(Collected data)
lemma card_residues_in:
  fixes r a b :: nat
  assumes C: "C \<subseteq> {..<r}" and b: "b < r"
  shows "card {k. k < r * a + b \<and> k mod r \<in> C} = a * card C + card (C \<inter> {..<b})"
proof -
  have fin: "finite C" using C finite_subset by blast
  have "{k. k < r * a + b \<and> k mod r \<in> C} = (\<Union>c\<in>C. {k. k < r * a + b \<and> k mod r = c})" by auto
  then have "card {k. k < r * a + b \<and> k mod r \<in> C} = (\<Sum>c\<in>C. card {k. k < r * a + b \<and> k mod r = c})"
    using fin by (simp only:) (intro card_UN_disjoint; auto)
  also have "\<dots> = (\<Sum>c\<in>C. a + (if c < b then 1 else 0))"
    using C b by (intro sum.cong refl card_residue_class) auto
  also have "\<dots> = a * card C + card (C \<inter> {..<b})"
    using fin by (simp add: sum.distrib sum.If_cases Int_def)
  finally show ?thesis .
qed

lemma turan_neighbours_in_residues:
  assumes "i < n"
  shows "{j \<in> {k. k < n \<and> k mod r \<in> C}. turan r n i j} = {k. k < n \<and> k mod r \<in> C - {i mod r}}"
  using assms by (auto simp: turan_def)

lemma regular_join_partition_turan:
  fixes r a b :: nat
  assumes n: "n = r * a + b" and b: "b < r"
  shows "regular_join_partition n (turan r n) {k. k < n \<and> k mod r \<in> {..<b}} {k. k < n \<and> k mod r \<in> {b..<r}}
    ((b - 1) * (a + 1)) ((r - b - 1) * a)"
proof -
  let ?X = "{k. k < n \<and> k mod r \<in> {..<b}}" and ?Y = "{k. k < n \<and> k mod r \<in> {b..<r}}"
  have "?X \<union> ?Y = {0..<n}" "?X \<inter> ?Y = {}" using b by auto
  moreover have "\<forall>x\<in>?X. \<forall>y\<in>?Y. turan r n x y \<and> turan r n y x" by (auto simp: turan_def)
  moreover have "regular_on (turan r n) ?X ((b - 1) * (a + 1))"
    unfolding regular_on_def
  proof
    fix i assume i: "i \<in> ?X"
    have "card ({..<b} - {i mod r}) = b - 1" "({..<b} - {i mod r}) \<inter> {..<b} = {..<b} - {i mod r}"
      using i by auto
    moreover have "{j \<in> ?X. turan r n i j} = {k. k < n \<and> k mod r \<in> {..<b} - {i mod r}}"
      using i by (intro turan_neighbours_in_residues) simp
    moreover have "{..<b} - {i mod r} \<subseteq> {..<r}" using b by auto
    ultimately show "card {j \<in> ?X. turan r n i j} = (b - 1) * (a + 1)"
      using card_residues_in[of "{..<b} - {i mod r}" r b a] b unfolding n
      by (simp add: mult.commute)
  qed
  moreover have "regular_on (turan r n) ?Y ((r - b - 1) * a)"
    unfolding regular_on_def
  proof
    fix i assume i: "i \<in> ?Y"
    have "card ({b..<r} - {i mod r}) = r - b - 1" "({b..<r} - {i mod r}) \<inter> {..<b} = {}"
      using i by auto
    moreover have "{j \<in> ?Y. turan r n i j} = {k. k < n \<and> k mod r \<in> {b..<r} - {i mod r}}"
      using i by (intro turan_neighbours_in_residues) simp
    moreover have "{b..<r} - {i mod r} \<subseteq> {..<r}" by auto
    ultimately show "card {j \<in> ?Y. turan r n i j} = (r - b - 1) * a"
      using card_residues_in[of "{b..<r} - {i mod r}" r b a] b unfolding n
      by (simp add: mult.commute)
  qed
  ultimately show ?thesis unfolding regular_join_partition_def by blast
qed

*WHAT YOU ARE ASKED TO DO*
Each record above should be output again exactly.

*ANSWER SPACE*
lemma card_residues_in:
  fixes r a b :: nat
  assumes C: "C \<subseteq> {..<r}" and b: "b < r"
  shows "card {k. k < r * a + b \<and> k mod r \<in> C} = a * card C + card (C \<inter> {..<b})"
proof -
  have fin: "finite C" using C finite_subset by blast
  have "{k. k < r * a + b \<and> k mod r \<in> C} = (\<Union>c\<in>C. {k. k < r * a + b \<and> k mod r = c})" by auto
  then have "card {k. k < r * a + b \<and> k mod r \<in> C} = (\<Sum>c\<in>C. card {k. k < r * a + b \<and> k mod r = c})"
    using fin by (simp only:) (intro card_UN_disjoint; auto)
  also have "\<dots> = (\<Sum>c\<in>C. a + (if c < b then 1 else 0))"
    using C b by (intro sum.cong refl card_residue_class) auto
  also have "\<dots> = a * card C + card (C \<inter> {..<b})"
    using fin by (simp add: sum.distrib sum.If_cases Int_def)
  finally show ?thesis .
qed

lemma turan_neighbours_in_residues:
  assumes "i < n"
  shows "{j \<in> {k. k < n \<and> k mod r \<in> C}. turan r n i j} = {k. k < n \<and> k mod r \<in> C - {i mod r}}"
  using assms by (auto simp: turan_def)

lemma regular_join_partition_turan:
  fixes r a b :: nat
  assumes n: "n = r * a + b" and b: "b < r"
  shows "regular_join_partition n (turan r n) {k. k < n \<and> k mod r \<in> {..<b}} {k. k < n \<and> k mod r \<in> {b..<r}}
    ((b - 1) * (a + 1)) ((r - b - 1) * a)"
proof -
  let ?X = "{k. k < n \<and> k mod r \<in> {..<b}}" and ?Y = "{k. k < n \<and> k mod r \<in> {b..<r}}"
  have "?X \<union> ?Y = {0..<n}" "?X \<inter> ?Y = {}" using b by auto
  moreover have "\<forall>x\<in>?X. \<forall>y\<in>?Y. turan r n x y \<and> turan r n y x" by (auto simp: turan_def)
  moreover have "regular_on (turan r n) ?X ((b - 1) * (a + 1))"
    unfolding regular_on_def
  proof
    fix i assume i: "i \<in> ?X"
    have "card ({..<b} - {i mod r}) = b - 1" "({..<b} - {i mod r}) \<inter> {..<b} = {..<b} - {i mod r}"
      using i by auto
    moreover have "{j \<in> ?X. turan r n i j} = {k. k < n \<and> k mod r \<in> {..<b} - {i mod r}}"
      using i by (intro turan_neighbours_in_residues) simp
    moreover have "{..<b} - {i mod r} \<subseteq> {..<r}" using b by auto
    ultimately show "card {j \<in> ?X. turan r n i j} = (b - 1) * (a + 1)"
      using card_residues_in[of "{..<b} - {i mod r}" r b a] b unfolding n
      by (simp add: mult.commute)
  qed
  moreover have "regular_on (turan r n) ?Y ((r - b - 1) * a)"
    unfolding regular_on_def
  proof
    fix i assume i: "i \<in> ?Y"
    have "card ({b..<r} - {i mod r}) = r - b - 1" "({b..<r} - {i mod r}) \<inter> {..<b} = {}"
      using i by auto
    moreover have "{j \<in> ?Y. turan r n i j} = {k. k < n \<and> k mod r \<in> {b..<r} - {i mod r}}"
      using i by (intro turan_neighbours_in_residues) simp
    moreover have "{b..<r} - {i mod r} \<subseteq> {..<r}" by auto
    ultimately show "card {j \<in> ?Y. turan r n i j} = (r - b - 1) * a"
      using card_residues_in[of "{b..<r} - {i mod r}" r b a] b unfolding n
      by (simp add: mult.commute)
  qed
  ultimately show ?thesis unfolding regular_join_partition_def by blast
qed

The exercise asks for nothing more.